* _Task to complete_: Could you set down exactly the lines in the records below between the line holding "using two_price_loss_terms_le[OF lam" and the line holding "4 * xs\<^sup>2 * (y", inclusive?

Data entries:
lemma le_scaled_log_square:
  fixes A B \<sigma> xs T L :: real
  assumes "0 \<le> A" "0 \<le> B" "0 \<le> \<sigma>" "0 < xs" "1 \<le> T" "1 \<le> L"
  shows "A + \<sigma> * (2 * xs * T * L + 1 + xs * T) + B * T \<le> (A + \<sigma> * (3 * xs + 1) + B) * (T * L\<^sup>2)"
proof -
  define Q where "Q = T * L\<^sup>2"
  have "T * L \<le> Q" using assms by (simp add: Q_def power2_eq_square)
  moreover have "T \<le> T * L" using assms by simp
  ultimately have Q: "T * L \<le> Q" "T \<le> Q" "1 \<le> Q" using assms by linarith+
  have "\<sigma> * (2 * xs * T * L + 1 + xs * T) \<le> \<sigma> * (2 * xs * Q + Q + xs * Q)"
    using assms Q by (intro mult_left_mono add_mono) (auto simp: mult.assoc)
  moreover have "A * 1 \<le> A * Q" using assms Q by (intro mult_left_mono) auto
  moreover have "B * T \<le> B * Q" using assms Q by (intro mult_left_mono) auto
  ultimately show ?thesis by (simp add: Q_def[symmetric] algebra_simps)
qed

lemma two_price_loss_terms_le:
  assumes lam: "lam = real c / (xs * d)" and xs: "0 < xs" and d: "0 < d" and c: "3 \<le> c"
    and G: "0 \<le> G" and s: "0 \<le> s" and k1: "0 \<le> k1"
    and T: "1 \<le> T" "real c = T powr (\<alpha> + 1)" "1 / T < xs"
    and tau: "2 * xs * T * ln (real c) \<le> real \<tau>" "real \<tau> \<le> 2 * xs * T * ln (real c) + 1"
  shows "lam * (1 - 1 / (2 * xs * T)) ^ \<tau> * G + s / d * (real \<tau> + xs * T) + lam * (k1 * (1 / T) powr \<alpha>)
    \<le> (G / (xs * d) + s / d * (3 * xs + 1) + k1 / (xs * d)) * (T * (ln (real c))\<^sup>2)"
proof -
  have lnc: "1 \<le> ln (real c)" using c exp_le by (simp add: ln_ge_iff)
  have "1 \<le> 2 * xs * T" using T(1,3) by (simp add: field_simps)
  then have "(1 - 1 / (2 * xs * T)) ^ \<tau> \<le> 1 / real c"
    using c by (intro stockout_power_le_inverse[OF xs T(1) _ _ tau(1)]) auto
  then have "lam * (1 - 1 / (2 * xs * T)) ^ \<tau> \<le> 1 / (xs * d)"
    using c xs d mult_left_mono[of _ "1 / real c" lam] by (simp add: lam)
  then have "lam * (1 - 1 / (2 * xs * T)) ^ \<tau> * G \<le> G / (xs * d)"
    using mult_right_mono[OF _ G] by fastforce
  moreover have "s / d * (real \<tau> + xs * T) \<le> s / d * (2 * xs * T * ln (real c) + 1 + xs * T)"
    using tau s d by (intro mult_left_mono) auto
  moreover have "lam * (k1 * (1 / T) powr \<alpha>) = k1 / (xs * d) * T"
    using scaled_rate_mult_powr[OF lam xs d _ T(2), of 1] T by (simp add: mult.left_commute[of lam])
  moreover have "G / (xs * d) + s / d * (2 * xs * T * ln (real c) + 1 + xs * T) + k1 / (xs * d) * T
      \<le> (G / (xs * d) + s / d * (3 * xs + 1) + k1 / (xs * d)) * (T * (ln (real c))\<^sup>2)"
    using G xs d s k1 T lnc by (intro le_scaled_log_square) auto
  ultimately show ?thesis by linarith
qed

lemma two_price_loss_upper_bound:
  fixes g :: "real \<Rightarrow> real" and c :: nat
  assumes lam: "lam = real c / (xs * d)" and xs: "0 < xs" and d: "0 < d" and c: "3 \<le> c"
    and s: "0 \<le> s" "supergradient g xs s" and g0: "g 0 = 0"
    and eps: "0 < \<epsilon>" "\<epsilon> < min xs (1 - xs)" and k1: "0 \<le> k1"
    and local: "\<forall>y\<in>{xs - \<epsilon>..xs + \<epsilon>}. g xs + s * (y - xs) - k1 * \<bar>y - xs\<bar> powr \<alpha> \<le> g y"
    and T: "1 \<le> T" "real c = T powr (\<alpha> + 1)" "1 / T \<le> \<epsilon>"
      "4 * xs\<^sup>2 * T\<^sup>2 * ln (real c) \<le> real c" "2 * xs * T * ln (real c) + 1 \<le> real c"
  shows "\<exists>x. policy c x \<and> two_price_policy c x \<and>
     lam * g xs - avg_reward c lam d g x
       \<le> ((g xs - s * xs) / (xs * d) + s / d * (3 * xs + 1) + k1 / (xs * d)) * (T * (ln (real c))\<^sup>2)"
proof -
  define \<eta> where "\<eta> = 1 / T"
  define \<tau> where "\<tau> = nat \<lceil>2 * xs * T * ln (real c)\<rceil>"
  define x where "x = two_price \<tau> (xs - \<eta>) (xs + \<eta>)"
  have lnc: "1 \<le> ln (real c)" using c exp_le by (simp add: ln_ge_iff)
  have eta: "0 < \<eta>" "\<eta> \<le> \<epsilon>" "\<eta> < xs" "xs + \<eta> < 1" using T eps by (auto simp: \<eta>_def)
  have tau: "2 * xs * T * ln (real c) \<le> real \<tau>" "real \<tau> \<le> 2 * xs * T * ln (real c) + 1"
    using xs T lnc by (simp_all add: \<tau>_def)
  moreover have "0 < 2 * xs * T * ln (real c)" using xs T lnc by simp
  ultimately have "0 < real \<tau>" "real \<tau> \<le> real c" using T(5) by linarith+
  then have tau_c: "\<tau> \<in> {1..c}" by simp
  have pol: "policy c x" "two_price_policy c x"
    using eta tau_c unfolding x_def by (auto intro!: policy_two_price two_price_policy_two_price)
  have lam0: "0 < lam" using c xs d by (simp add: lam)
  interpret scaled_steady_state c lam d xs x "steady_state c lam d x"
    using is_steady_state_steady_state[OF lam0 d pol(1)] lam xs d by unfold_locales
  have "xs * (real \<tau> - 1) \<le> xs * (2 * xs * T * ln (real c))"
    using tau(2) xs by (intro mult_left_mono) auto
  also have "\<dots> = (4 * xs\<^sup>2 * T\<^sup>2 * ln (real c)) * \<eta> / 2"
    using T(1) by (simp add: \<eta>_def power2_eq_square field_simps)
  also have "\<dots> \<le> real c * \<eta> / 2" using T(4) eta by (intro divide_right_mono mult_right_mono) auto
  finally have drift: "xs * (real \<tau> - 1) \<le> real c * \<eta> / 2" .
  have "g xs + s * (y - xs) - g y \<le> k1 * \<eta> powr \<alpha>" if "\<bar>y - xs\<bar> = \<eta>" for y
  proof -
    have "y \<in> {xs - \<epsilon>..xs + \<epsilon>}" using that eta by (auto simp: abs_eq_iff)
    then show ?thesis using local that by fastforce
  qed
  then have curvature: "g xs + s * (x j - xs) - g (x j) \<le> k1 * \<eta> powr \<alpha>" if "j \<in> {1..c}" for j
    using eta by (simp add: x_def two_price_def)
  have "lam * g xs - avg_reward c lam d g x \<le>
      lam * (1 - \<eta> / (2 * xs)) ^ \<tau> * (g xs - s * xs) + s / d * (real \<tau> + xs / \<eta>) + lam * (k1 * \<eta> powr \<alpha>)"
    unfolding avg_reward_def
    by (rule two_price_loss_le[OF x_def eta(1,3) _ drift s g0 curvature]) (use tau_c k1 in auto)
  also have "\<dots> \<le> ((g xs - s * xs) / (xs * d) + s / d * (3 * xs + 1) + k1 / (xs * d)) * (T * (ln (real c))\<^sup>2)"
    using two_price_loss_terms_le[OF lam xs d c supergradient_intercept_nonneg[OF s(2) g0] s(1) k1 T(1,2) _ tau] eta
    by (simp add: \<eta>_def mult.commute)
  finally show ?thesis using pol by blast
qed

section \<open>The asymptotic regime\<close>

lemma eventually_asymptotic_regime:
  fixes \<alpha> \<epsilon> xs :: real
  assumes \<alpha>: "1 < \<alpha>" and eps: "0 < \<epsilon>"
  shows "\<forall>\<^sub>F c in sequentially. 3 \<le> c \<and>
     1 / real c powr (1 / (\<alpha> + 1)) \<le> \<epsilon> \<and>
     12 * (real c powr (1 / (\<alpha> + 1)))\<^sup>2 \<le> real c \<and>
     4 * xs\<^sup>2 * (real c powr (1 / (\<alpha> + 1)))\<^sup>2 * ln (real c) \<le> real c \<and>
     2 * xs * real c powr (1 / (\<alpha> + 1)) * ln (real c) + 1 \<le> real c"
proof -
  have "\<forall>\<^sub>F y in at_top. 3 \<le> y \<and>
      1 / y powr (1 / (\<alpha> + 1)) \<le> \<epsilon> \<and>
      12 * (y powr (1 / (\<alpha> + 1)))\<^sup>2 \<le> y \<and>
      4 * xs\<^sup>2 * (y powr (1 / (\<alpha> + 1)))\<^sup>2 * ln y \<le> y \<and>
      2 * xs * y powr (1 / (\<alpha> + 1)) * ln y + 1 \<le> y"
    using \<alpha> eps by (intro eventually_conj; real_asymp)
  from eventually_compose_filterlim[OF this filterlim_real_sequentially]
  show ?thesis by (rule eventually_mono) simp
qed

lemma SUP_policy_le:
  assumes "\<And>x. policy c x \<Longrightarrow> avg_reward c lam d g x \<le> B"
  shows "(SUP x\<in>{x. policy c x}. avg_reward c lam d g x) \<le> B"
proof -
  have "policy c (\<lambda>_. 0)" by (simp add: policy_def)
  then show ?thesis using assms by (intro cSUP_least) auto
qed

lemma le_SUP_policy:
  assumes "\<And>x. policy c x \<Longrightarrow> avg_reward c lam d g x \<le> B" and "policy c y"
  shows "avg_reward c lam d g y \<le> (SUP x\<in>{x. policy c x}. avg_reward c lam d g x)"
  using assms by (intro cSUP_upper bdd_aboveI2[of _ _ B]) auto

* _Written answer_:
    using two_price_loss_terms_le[OF lam xs d c supergradient_intercept_nonneg[OF s(2) g0] s(1) k1 T(1,2) _ tau] eta
    by (simp add: \<eta>_def mult.commute)
  finally show ?thesis using pol by blast
qed

section \<open>The asymptotic regime\<close>

lemma eventually_asymptotic_regime:
  fixes \<alpha> \<epsilon> xs :: real
  assumes \<alpha>: "1 < \<alpha>" and eps: "0 < \<epsilon>"
  shows "\<forall>\<^sub>F c in sequentially. 3 \<le> c \<and>
     1 / real c powr (1 / (\<alpha> + 1)) \<le> \<epsilon> \<and>
     12 * (real c powr (1 / (\<alpha> + 1)))\<^sup>2 \<le> real c \<and>
     4 * xs\<^sup>2 * (real c powr (1 / (\<alpha> + 1)))\<^sup>2 * ln (real c) \<le> real c \<and>
     2 * xs * real c powr (1 / (\<alpha> + 1)) * ln (real c) + 1 \<le> real c"
proof -
  have "\<forall>\<^sub>F y in at_top. 3 \<le> y \<and>
      1 / y powr (1 / (\<alpha> + 1)) \<le> \<epsilon> \<and>
      12 * (y powr (1 / (\<alpha> + 1)))\<^sup>2 \<le> y \<and>
      4 * xs\<^sup>2 * (y powr (1 / (\<alpha> + 1)))\<^sup>2 * ln y \<le> y \<and>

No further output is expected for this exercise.